Task to carry out:
Nothing in the data should be left out, so repeat it all exactly.

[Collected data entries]
lemma processing_inv_pop:
  assumes inv: "dijkstra_inv E s {} S" and u: "u \<in> ds_heap S"
  shows "processing_inv E s u (S\<lparr>ds_heap := ds_heap S - {u}, ds_out := ds_out S @ [u],
                                 ds_pop := (ds_pop S)(u := ds_time S)\<rparr>)"
    (is "processing_inv E s u ?S")
proof -
  have S: "discovered ?S = discovered S" "ds_heap ?S = ds_heap S - {u}"
    "ds_pop ?S = (ds_pop S)(u := ds_time S)" "ds_push ?S = ds_push S" "ds_time ?S = ds_time S"
    by (simp_all add: discovered_def)
  from inv have s: "s \<in> discovered S" and heap: "ds_heap S \<subseteq> discovered S"
    and time: "1 \<le> ds_time S"
    and closed: "\<forall>x \<in> discovered S - ds_heap S. \<forall>y. (x, y) \<in> E \<longrightarrow> y \<in> discovered S"
    and parent: "\<forall>x \<in> discovered S - {s}. 1 \<le> ds_push S x \<and>
        (\<exists>p \<in> discovered S - ds_heap S. (p, x) \<in> E \<and> p \<noteq> x \<and> ds_pop S p \<le> ds_push S x)"
    unfolding dijkstra_inv_def by blast+
  have parent': "\<exists>p \<in> discovered ?S - ds_heap ?S. (p, x) \<in> E \<and> p \<noteq> x \<and> ds_pop ?S p \<le> ds_push ?S x"
    if "x \<in> discovered ?S - {s}" for x
  proof -
    from that parent obtain p where "p \<in> discovered S - ds_heap S" "(p, x) \<in> E" "p \<noteq> x"
      "ds_pop S p \<le> ds_push S x"
      unfolding S by blast
    moreover from this(1) u have "p \<noteq> u" by blast
    ultimately show ?thesis
      unfolding S by (intro bexI[of _ p]) auto
  qed
  have "dijkstra_inv E s {u} ?S"
    using s heap time closed parent parent' unfolding dijkstra_inv_def S by blast
  with u heap show ?thesis
    unfolding processing_inv_def S by auto
qed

Worked solution:
lemma processing_inv_pop:
  assumes inv: "dijkstra_inv E s {} S" and u: "u \<in> ds_heap S"
  shows "processing_inv E s u (S\<lparr>ds_heap := ds_heap S - {u}, ds_out := ds_out S @ [u],
                                 ds_pop := (ds_pop S)(u := ds_time S)\<rparr>)"
    (is "processing_inv E s u ?S")
proof -
  have S: "discovered ?S = discovered S" "ds_heap ?S = ds_heap S - {u}"
    "ds_pop ?S = (ds_pop S)(u := ds_time S)" "ds_push ?S = ds_push S" "ds_time ?S = ds_time S"
    by (simp_all add: discovered_def)
  from inv have s: "s \<in> discovered S" and heap: "ds_heap S \<subseteq> discovered S"
    and time: "1 \<le> ds_time S"
    and closed: "\<forall>x \<in> discovered S - ds_heap S. \<forall>y. (x, y) \<in> E \<longrightarrow> y \<in> discovered S"
    and parent: "\<forall>x \<in> discovered S - {s}. 1 \<le> ds_push S x \<and>
        (\<exists>p \<in> discovered S - ds_heap S. (p, x) \<in> E \<and> p \<noteq> x \<and> ds_pop S p \<le> ds_push S x)"
    unfolding dijkstra_inv_def by blast+
  have parent': "\<exists>p \<in> discovered ?S - ds_heap ?S. (p, x) \<in> E \<and> p \<noteq> x \<and> ds_pop ?S p \<le> ds_push ?S x"
    if "x \<in> discovered ?S - {s}" for x
  proof -
    from that parent obtain p where "p \<in> discovered S - ds_heap S" "(p, x) \<in> E" "p \<noteq> x"
      "ds_pop S p \<le> ds_push S x"
      unfolding S by blast
    moreover from this(1) u have "p \<noteq> u" by blast
    ultimately show ?thesis
      unfolding S by (intro bexI[of _ p]) auto
  qed
  have "dijkstra_inv E s {u} ?S"
    using s heap time closed parent parent' unfolding dijkstra_inv_def S by blast
  with u heap show ?thesis
    unfolding processing_inv_def S by auto
qed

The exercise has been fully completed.